The SCD-Q is a well-established screening instrument to quantify perceived subjective cognitive decline. In addition to self-perceived cognitive complaints, a 24-item questionnaire for informants is part of the SCD-Q. It demonstrates high sensitivity and lower specificity for detecting dementia and early cognitive changes associated with dementia. However, the questionnaire has not been translated into German or validated. Plasma biomarkers for amyloid and tau pathology, as well as for neurodegeneration and astrocytic activation, have been developed and show promising sensitivity and specificity for detecting Alzheimer's disease (AD). A relevant proportion of biomarker-positive patients does not convert to mild cognitive impairment or Alzheimer's disease dementia during the disease course. Currently, the predictive value of blood biomarkers remains to be clarified, particularly in conjunction with SCD. This study aims to validate the SCD-Q in German and analyze possible connections with biomarkers and (digital) cognitive tests. Follow-up visits are planned.

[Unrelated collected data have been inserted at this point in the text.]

lemma isotropic_stresses_symmetric:
  fixes W :: "mat3 \<Rightarrow> real" and DW :: "mat3 \<Rightarrow> mat3"
  assumes deriv: "\<And>G. G \<in> GLp \<Longrightarrow> (W has_derivative (\<lambda>H. DW G \<bullet> H)) (at G)"
    and isotropic: "\<And>Q R G. rotation_matrix Q \<Longrightarrow> rotation_matrix R \<Longrightarrow> G \<in> GLp \<Longrightarrow>
                       W (Q ** G ** R) = W G"
    and G: "G \<in> GLp"
  shows "transpose (DW G ** transpose G) = DW G ** transpose G"
    and "transpose (transpose G ** DW G) = transpose G ** DW G"
proof -
  have id_rot: "rotation_matrix (mat 1 :: mat3)"
    unfolding rotation_matrix_def orthogonal_matrix by simp
  show "transpose (DW G ** transpose G) = DW G ** transpose G"
  proof (rule symmetric_if_orthogonal_to_skew)
    fix a b :: 3 assume ab: "a \<noteq> b"
    let ?c = "\<lambda>t. plane_rotation a b t ** G"
    have "DW G \<bullet> (plane_skew a b ** G) = 0"
    proof (rule derivative_vanishes_on_level_curve[where c = ?c])
      show "(W has_derivative (\<bullet>) (DW G)) (at (?c 0))"
        using deriv[OF G] by (simp add: plane_rotation_zero)
      show "W (?c t) = W (?c 0)" for t
        using isotropic[OF plane_rotation_is_rotation[OF ab] id_rot G]
        by (simp add: plane_rotation_zero)
    qed (rule rotation_left_derivative)
    then show "(DW G ** transpose G) \<bullet> plane_skew a b = 0"
      by (simp add: inner_mult_left_factor)
  qed
  show "transpose (transpose G ** DW G) = transpose G ** DW G"
  proof (rule symmetric_if_orthogonal_to_skew)
    fix a b :: 3 assume ab: "a \<noteq> b"
    let ?c = "\<lambda>t. G ** plane_rotation a b t"
    have "DW G \<bullet> (G ** plane_skew a b) = 0"
    proof (rule derivative_vanishes_on_level_curve[where c = ?c])
      show "(W has_derivative (\<bullet>) (DW G)) (at (?c 0))"
        using deriv[OF G] by (simp add: plane_rotation_zero)
      show "W (?c t) = W (?c 0)" for t
        using isotropic[OF id_rot plane_rotation_is_rotation[OF ab] G]
        by (simp add: plane_rotation_zero)
    qed (rule rotation_right_derivative)
    then show "(transpose G ** DW G) \<bullet> plane_skew a b = 0"
      by (simp add: inner_mult_right_factor)
  qed
qed

section \<open>Similarity and the normal cone\<close>

lemma symmetric_stresses_similar:
  fixes D E Ei :: mat3
  assumes sym_tau: "transpose (D ** transpose E) = D ** transpose E"
    and sym_Sigma: "transpose (transpose E ** D) = transpose E ** D"
    and inv: "Ei ** E = mat 1"
  shows "Ei ** (D ** transpose E) ** E = transpose E ** D"
proof -
  have "D ** transpose E = E ** transpose D"
    using sym_tau by (simp add: matrix_transpose_mul)
  then have "Ei ** (D ** transpose E) ** E = (Ei ** E) ** transpose D ** E"
    by (simp add: matrix_mul_assoc)
  also have "\<dots> = transpose (transpose E ** D)"
    using inv by (simp add: matrix_transpose_mul)
  finally show ?thesis using sym_Sigma by simp
qed

text \<open>The deviator commutes with similarity transformations (the trace is invariant).\<close>
lemma dev3_similar:
  fixes T E Ei :: mat3
  assumes "Ei ** E = mat 1" and "E ** Ei = mat 1"
  shows "Ei ** dev3 T ** E = dev3 (Ei ** T ** E)"
proof -
  have "trace (Ei ** T ** E) = trace (E ** (Ei ** T))" by (rule trace_mul_sym)
  also have "\<dots> = trace T" using assms(2) by (simp add: matrix_mul_assoc)
  finally have "trace (Ei ** T ** E) = trace T" .
  then show ?thesis unfolding dev3_def
    using assms(1) by (simp add: matrix_mul_diff_rdistrib matrix_mul_diff_ldistrib
        matrix_mul_scaleR_right matrix_mul_scaleR_left)
qed

lemma dev3_symmetric: "transpose (X::mat3) = X \<Longrightarrow> transpose (dev3 X) = dev3 X"
  unfolding dev3_def by (simp add: transpose_def vec_eq_iff mat_def)

text \<open>Similar symmetric matrices have the same Frobenius norm, since
  \<open>\<parallel>S\<parallel>\<^sup>2 = tr (S\<^sup>2)\<close> is a similarity invariant for symmetric \<open>S\<close>.\<close>
lemma norm_similar_symmetric:
  fixes S T E Ei :: mat3
  assumes inv: "E ** Ei = mat 1"
    and sym_S: "transpose S = S" and sym_T: "transpose T = T"
    and similar: "S = Ei ** T ** E"
  shows "norm S = norm T"
proof -
  have "S ** S = Ei ** T ** (E ** Ei) ** T ** E"
    unfolding similar by (simp only: matrix_mul_assoc)
  also have "\<dots> = Ei ** (T ** T) ** E" using inv by (simp add: matrix_mul_assoc)
  finally have "S \<bullet> S = trace (Ei ** (T ** T) ** E)"
    using sym_S by (simp add: inner_matrix_trace)
  also have "\<dots> = trace (E ** (Ei ** (T ** T)))" by (rule trace_mul_sym)
  also have "\<dots> = T \<bullet> T" using inv sym_T by (simp add: matrix_mul_assoc inner_matrix_trace)
  finally show ?thesis by (simp add: norm_eq_sqrt_inner)
qed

• Study Type: Interventional
• Enrollment (Estimated): 300
• Phase: Not Applicable

Contacts and Locations

• Study Contact: Name: Carolin Kurz, Dr.; Phone Number: +4989440055863; Email: Psy.Alzheimerzentrum@med.uni-muenchen.de

Study Locations

• Germany
  • Bayern
    • München, Bayern, Germany, 80336
      • Recruiting
      • Klinik und Poliklinik für Psychiatrie und Psychotherapie des LMU Klinikums
      • Contact: Robert Perneczky, Prof. Dr.; Phone Number: +49 89 4400 55863; Email: PSY.Alzheimerzentrum@med.uni-muenchen.de
      • Sub-Investigator: Carolin Kurz, Dr.med.
      • Contact: Carolin Kurz, Dr.; Phone Number: +4989440055863; Email: Psy.Alzheimerzentrum@med.uni-muenchen.de
      • Sub-Investigator: Laura Perna, Dr. phil.
      • Sub-Investigator: Anna Hufnagel, Dr. med.

Participation Criteria

Eligibility Criteria

• Ages Eligible for Study: Adult; Older Adult
• Accepts Healthy Volunteers: Yes

Description

Inclusion Criteria:

• Medical appointment for dementia diagnostics at the Alzheimer Therapie- und Forschungszentrum
• Provision of signed, written and dated informed consent
• Capacity to give informed consent

Exclusion Criteria:

• dementia in a very advance stage
• Illiteracy

Study Plan

How is the study designed?

Design Details

• Primary Purpose: Screening
• Allocation: N/A
• Interventional Model: Single Group Assignment
• Masking: None (Open Label)

Number of Arms

1

Arms and Interventions

Participant Group / Arm

Intervention / Treatment

Other: Subjective Cognitive Decline Questionnaire (SCD-Q); Participants receive treatment as usual (appointment in the memory clinic, LMU) and will additionally fill out the questionnaires. A digital cognitive test will be performed.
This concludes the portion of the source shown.